REQUIRED WORK: What you return must match the listing below exactly.
>>>>
(* Let $(R,\mathfrak m)$ be a Noetherian local ring, $X$ a finitely generated $R$-module, $N$ a Burch submodule of $X$, $t\ge1$ an integer, and $M$ a finitely generated $R$-module such that either (1) $\operatorname{Tor}_t^R(M,N)=\operatorname{Tor}_{t-1}^R(M,N)=0$, or (2) $\operatorname{Ext}^{t+1}_R(M,N)=\operatorname{Ext}^t_R(M,N)=0$. Then $\operatorname{pd}_R M<t$.
   Context: $\operatorname{Tor}_0^R(M,N)=M\otimes_RN$. For a submodule $N\subseteq X$, $(N:_X\mathfrak m)=\{x\in X:\mathfrak m x\subseteq N\}$. $N$ is a Burch submodule of $X$ if $\mathfrak m(N:_X\mathfrak m)\neq\mathfrak m N$. The projective dimension of the zero module is $-\infty$. *)

theory Defs
  imports Complex_Main
begin

text \<open>The maximal ideal of a local ring: the set of non-units.\<close>
definition maxid :: "'a::comm_ring_1 set" where
  "maxid = {x. \<not> x dvd 1}"

definition local_ring :: "'a::comm_ring_1 itself \<Rightarrow> bool" where
  "local_ring _ \<longleftrightarrow> (0::'a) \<noteq> 1 \<and>
     (\<forall>x y::'a. x \<in> maxid \<longrightarrow> y \<in> maxid \<longrightarrow> x + y \<in> maxid)"

definition noetherian_ring :: "'a::comm_ring_1 itself \<Rightarrow> bool" where
  "noetherian_ring _ \<longleftrightarrow>
     (\<forall>I::'a set. module.subspace (*) I \<longrightarrow>
        (\<exists>S. finite S \<and> S \<subseteq> I \<and> module.span (*) S = I))"

definition fin_gen :: "('a::comm_ring_1 \<Rightarrow> 'b::ab_group_add \<Rightarrow> 'b) \<Rightarrow> bool" where
  "fin_gen sc \<longleftrightarrow> (\<exists>S. finite S \<and> module.span sc S = UNIV)"
(* Let $\kappa\ge3$, $h>0$, $f_{\mathrm{hard}}$ and $S_i^x$ be as defined below. There is $d_0$ (absolute) such that for all $d\ge d_0$ and every fixed $x\in\mathbb{R}^d$, with probability at least $1-d^{-5}$ over $g\sim\mathcal N(0,I_d)$, $$\sum_{i=1}^dS_i^x-\mathbb{E}_g\Big[\sum_{i=1}^dS_i^x\Big]\le 10\,h\kappa\sqrt{d\log d}.$$
   Context: $f_{\mathrm{hard}}(x)=\sum_{i=1}^d f_i(x_i)$ with $f_1(c)=\frac12c^2$ and $f_i(c)=\frac\kappa3c^2-\frac{\kappa h}3\cos\frac c{\sqrt h}$ for $2\le i\le d$. For $g\in\mathbb{R}^d$, $x_g=x+\sqrt{2h}\,g$ and $S_i^x=-f_i([x_g]_i)+f_i(x_i)-\frac12(x_i-[x_g]_i)(f_i'(x_i)+f_i'([x_g]_i))$. *)

theory Defs
  imports "HOL-Probability.Probability"
begin

definition f_coord :: "real \<Rightarrow> real \<Rightarrow> nat \<Rightarrow> real \<Rightarrow> real" where
  "f_coord \<kappa> h i c =
     (if i = 1 then c\<^sup>2 / 2
      else \<kappa> / 3 * c\<^sup>2 - \<kappa> * h / 3 * cos (c / sqrt h))"

definition f_hard :: "real \<Rightarrow> real \<Rightarrow> nat \<Rightarrow> (nat \<Rightarrow> real) \<Rightarrow> real" where
  "f_hard \<kappa> h d x = (\<Sum>i=1..d. f_coord \<kappa> h i (x i))"

definition x_g :: "real \<Rightarrow> (nat \<Rightarrow> real) \<Rightarrow> (nat \<Rightarrow> real) \<Rightarrow> (nat \<Rightarrow> real)" where
  "x_g h x g = (\<lambda>i. x i + sqrt (2 * h) * g i)"

definition S_coord :: "real \<Rightarrow> real \<Rightarrow> nat \<Rightarrow> (nat \<Rightarrow> real) \<Rightarrow> (nat \<Rightarrow> real) \<Rightarrow> real" where
  "S_coord \<kappa> h i x g =
     (let y = x_g h x g i; f = f_coord \<kappa> h i in
      - f y + f (x i) - 1/2 * (x i - y) * (deriv f (x i) + deriv f y))"

definition gauss :: "nat \<Rightarrow> (nat \<Rightarrow> real) measure" where
  "gauss d = PiM {1..d} (\<lambda>_. density lborel std_normal_density)"

end

theory Submission
  imports Defs
begin

text \<open>
  Since the trapezoid rule is exact for quadratics, only the cosine part of \<open>f\<^sub>i\<close> contributes
  to \<open>S\<^sub>i\<^sup>x\<close>: with \<open>a = x\<^sub>i/\<surd>h\<close> and \<open>u = g\<^sub>i\<close>,
  \<open>S\<^sub>i\<^sup>x = (\<kappa>h/3) T(a,u)\<close> for \<open>i \<ge> 2\<close> and \<open>S\<^sub>1\<^sup>x = 0\<close>, where
  \<open>T(a,u) = cos (a + \<surd>2 u) - cos a + (u/\<surd>2)(sin a + sin (a + \<surd>2 u))\<close>
  grows at most linearly in \<open>u\<close>. A function of a standard Gaussian with linear growth
  \<open>|F u| \<le> 2 + 3/2 |u|\<close> has centered moment generating function at most \<open>exp (45 \<lambda>\<^sup>2)\<close>
  for \<open>0 \<le> \<lambda> \<le> 1/20\<close>. The coordinates of \<open>g\<close> are independent, so Chernoff's bound
  with \<open>\<lambda> = \<surd>(d ln d)/(3d)\<close> shows that \<open>\<Sum> T\<close> exceeds its mean by \<open>30 \<surd>(d ln d)\<close>
  with probability at most \<open>d\<^sup>-\<^sup>5\<close>.
\<close>

lemma exp_le_one_plus_quadratic: "exp (z::real) \<le> 1 + z + z\<^sup>2 / 2 * exp \<bar>z\<bar>"
proof -
  obtain t where t: "\<bar>t\<bar> \<le> \<bar>z\<bar>" "exp z = (\<Sum>m<2. z ^ m / fact m) + exp t / fact 2 * z ^ 2"
    using Maclaurin_exp_le[of z 2] by blast
  have "exp t / 2 * z\<^sup>2 \<le> exp \<bar>z\<bar> / 2 * z\<^sup>2"
    using t(1) by (intro mult_right_mono) auto
  thus ?thesis using t(2) by (simp add: numeral_2_eq_2 mult_ac)
qed

lemma square_le_exp_half_abs: "(y::real)\<^sup>2 \<le> 8 * exp (\<bar>y\<bar> / 2)"
proof -
  have "1 + \<bar>y\<bar>/2 + (\<bar>y\<bar>/2)\<^sup>2 / 2 \<le> exp (\<bar>y\<bar>/2)"
    by (rule exp_lower_Taylor_quadratic) simp
  moreover have "(\<bar>y\<bar>/2)\<^sup>2 = y\<^sup>2/4" by (simp add: power_divide)
  ultimately show ?thesis by simp
qed

lemma exp_three_halves_le: "exp (3/2::real) \<le> 45/8"
proof (rule power2_le_imp_le)
  have "(exp (3/2::real))\<^sup>2 = (exp 1)^3"
    by (simp flip: exp_of_nat_mult exp_add add: power2_eq_square)
  also have "\<dots> \<le> 3^3"
    using exp_le by (intro power_mono) auto
  finally show "(exp (3/2::real))\<^sup>2 \<le> (45/8)\<^sup>2" by (simp add: power2_eq_square)
qed simp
<<<<
REPLY TO THE EXERCISE:
(* Let $(R,\mathfrak m)$ be a Noetherian local ring, $X$ a finitely generated $R$-module, $N$ a Burch submodule of $X$, $t\ge1$ an integer, and $M$ a finitely generated $R$-module such that either (1) $\operatorname{Tor}_t^R(M,N)=\operatorname{Tor}_{t-1}^R(M,N)=0$, or (2) $\operatorname{Ext}^{t+1}_R(M,N)=\operatorname{Ext}^t_R(M,N)=0$. Then $\operatorname{pd}_R M<t$.
   Context: $\operatorname{Tor}_0^R(M,N)=M\otimes_RN$. For a submodule $N\subseteq X$, $(N:_X\mathfrak m)=\{x\in X:\mathfrak m x\subseteq N\}$. $N$ is a Burch submodule of $X$ if $\mathfrak m(N:_X\mathfrak m)\neq\mathfrak m N$. The projective dimension of the zero module is $-\infty$. *)

theory Defs
  imports Complex_Main
begin

text \<open>The maximal ideal of a local ring: the set of non-units.\<close>
definition maxid :: "'a::comm_ring_1 set" where
  "maxid = {x. \<not> x dvd 1}"

definition local_ring :: "'a::comm_ring_1 itself \<Rightarrow> bool" where
  "local_ring _ \<longleftrightarrow> (0::'a) \<noteq> 1 \<and>
     (\<forall>x y::'a. x \<in> maxid \<longrightarrow> y \<in> maxid \<longrightarrow> x + y \<in> maxid)"

definition noetherian_ring :: "'a::comm_ring_1 itself \<Rightarrow> bool" where
  "noetherian_ring _ \<longleftrightarrow>
     (\<forall>I::'a set. module.subspace (*) I \<longrightarrow>
        (\<exists>S. finite S \<and> S \<subseteq> I \<and> module.span (*) S = I))"

definition fin_gen :: "('a::comm_ring_1 \<Rightarrow> 'b::ab_group_add \<Rightarrow> 'b) \<Rightarrow> bool" where
  "fin_gen sc \<longleftrightarrow> (\<exists>S. finite S \<and> module.span sc S = UNIV)"
(* Let $\kappa\ge3$, $h>0$, $f_{\mathrm{hard}}$ and $S_i^x$ be as defined below. There is $d_0$ (absolute) such that for all $d\ge d_0$ and every fixed $x\in\mathbb{R}^d$, with probability at least $1-d^{-5}$ over $g\sim\mathcal N(0,I_d)$, $$\sum_{i=1}^dS_i^x-\mathbb{E}_g\Big[\sum_{i=1}^dS_i^x\Big]\le 10\,h\kappa\sqrt{d\log d}.$$
   Context: $f_{\mathrm{hard}}(x)=\sum_{i=1}^d f_i(x_i)$ with $f_1(c)=\frac12c^2$ and $f_i(c)=\frac\kappa3c^2-\frac{\kappa h}3\cos\frac c{\sqrt h}$ for $2\le i\le d$. For $g\in\mathbb{R}^d$, $x_g=x+\sqrt{2h}\,g$ and $S_i^x=-f_i([x_g]_i)+f_i(x_i)-\frac12(x_i-[x_g]_i)(f_i'(x_i)+f_i'([x_g]_i))$. *)

theory Defs
  imports "HOL-Probability.Probability"
begin

definition f_coord :: "real \<Rightarrow> real \<Rightarrow> nat \<Rightarrow> real \<Rightarrow> real" where
  "f_coord \<kappa> h i c =
     (if i = 1 then c\<^sup>2 / 2
      else \<kappa> / 3 * c\<^sup>2 - \<kappa> * h / 3 * cos (c / sqrt h))"

definition f_hard :: "real \<Rightarrow> real \<Rightarrow> nat \<Rightarrow> (nat \<Rightarrow> real) \<Rightarrow> real" where
  "f_hard \<kappa> h d x = (\<Sum>i=1..d. f_coord \<kappa> h i (x i))"

definition x_g :: "real \<Rightarrow> (nat \<Rightarrow> real) \<Rightarrow> (nat \<Rightarrow> real) \<Rightarrow> (nat \<Rightarrow> real)" where
  "x_g h x g = (\<lambda>i. x i + sqrt (2 * h) * g i)"

definition S_coord :: "real \<Rightarrow> real \<Rightarrow> nat \<Rightarrow> (nat \<Rightarrow> real) \<Rightarrow> (nat \<Rightarrow> real) \<Rightarrow> real" where
  "S_coord \<kappa> h i x g =
     (let y = x_g h x g i; f = f_coord \<kappa> h i in
      - f y + f (x i) - 1/2 * (x i - y) * (deriv f (x i) + deriv f y))"

definition gauss :: "nat \<Rightarrow> (nat \<Rightarrow> real) measure" where
  "gauss d = PiM {1..d} (\<lambda>_. density lborel std_normal_density)"

end

theory Submission
  imports Defs
begin

text \<open>
  Since the trapezoid rule is exact for quadratics, only the cosine part of \<open>f\<^sub>i\<close> contributes
  to \<open>S\<^sub>i\<^sup>x\<close>: with \<open>a = x\<^sub>i/\<surd>h\<close> and \<open>u = g\<^sub>i\<close>,
  \<open>S\<^sub>i\<^sup>x = (\<kappa>h/3) T(a,u)\<close> for \<open>i \<ge> 2\<close> and \<open>S\<^sub>1\<^sup>x = 0\<close>, where
  \<open>T(a,u) = cos (a + \<surd>2 u) - cos a + (u/\<surd>2)(sin a + sin (a + \<surd>2 u))\<close>
  grows at most linearly in \<open>u\<close>. A function of a standard Gaussian with linear growth
  \<open>|F u| \<le> 2 + 3/2 |u|\<close> has centered moment generating function at most \<open>exp (45 \<lambda>\<^sup>2)\<close>
  for \<open>0 \<le> \<lambda> \<le> 1/20\<close>. The coordinates of \<open>g\<close> are independent, so Chernoff's bound
  with \<open>\<lambda> = \<surd>(d ln d)/(3d)\<close> shows that \<open>\<Sum> T\<close> exceeds its mean by \<open>30 \<surd>(d ln d)\<close>
  with probability at most \<open>d\<^sup>-\<^sup>5\<close>.
\<close>

lemma exp_le_one_plus_quadratic: "exp (z::real) \<le> 1 + z + z\<^sup>2 / 2 * exp \<bar>z\<bar>"
proof -
  obtain t where t: "\<bar>t\<bar> \<le> \<bar>z\<bar>" "exp z = (\<Sum>m<2. z ^ m / fact m) + exp t / fact 2 * z ^ 2"
    using Maclaurin_exp_le[of z 2] by blast
  have "exp t / 2 * z\<^sup>2 \<le> exp \<bar>z\<bar> / 2 * z\<^sup>2"
    using t(1) by (intro mult_right_mono) auto
  thus ?thesis using t(2) by (simp add: numeral_2_eq_2 mult_ac)
qed

lemma square_le_exp_half_abs: "(y::real)\<^sup>2 \<le> 8 * exp (\<bar>y\<bar> / 2)"
proof -
  have "1 + \<bar>y\<bar>/2 + (\<bar>y\<bar>/2)\<^sup>2 / 2 \<le> exp (\<bar>y\<bar>/2)"
    by (rule exp_lower_Taylor_quadratic) simp
  moreover have "(\<bar>y\<bar>/2)\<^sup>2 = y\<^sup>2/4" by (simp add: power_divide)
  ultimately show ?thesis by simp
qed

lemma exp_three_halves_le: "exp (3/2::real) \<le> 45/8"
proof (rule power2_le_imp_le)
  have "(exp (3/2::real))\<^sup>2 = (exp 1)^3"
    by (simp flip: exp_of_nat_mult exp_add add: power2_eq_square)
  also have "\<dots> \<le> 3^3"
    using exp_le by (intro power_mono) auto
  finally show "(exp (3/2::real))\<^sup>2 \<le> (45/8)\<^sup>2" by (simp add: power2_eq_square)
qed simp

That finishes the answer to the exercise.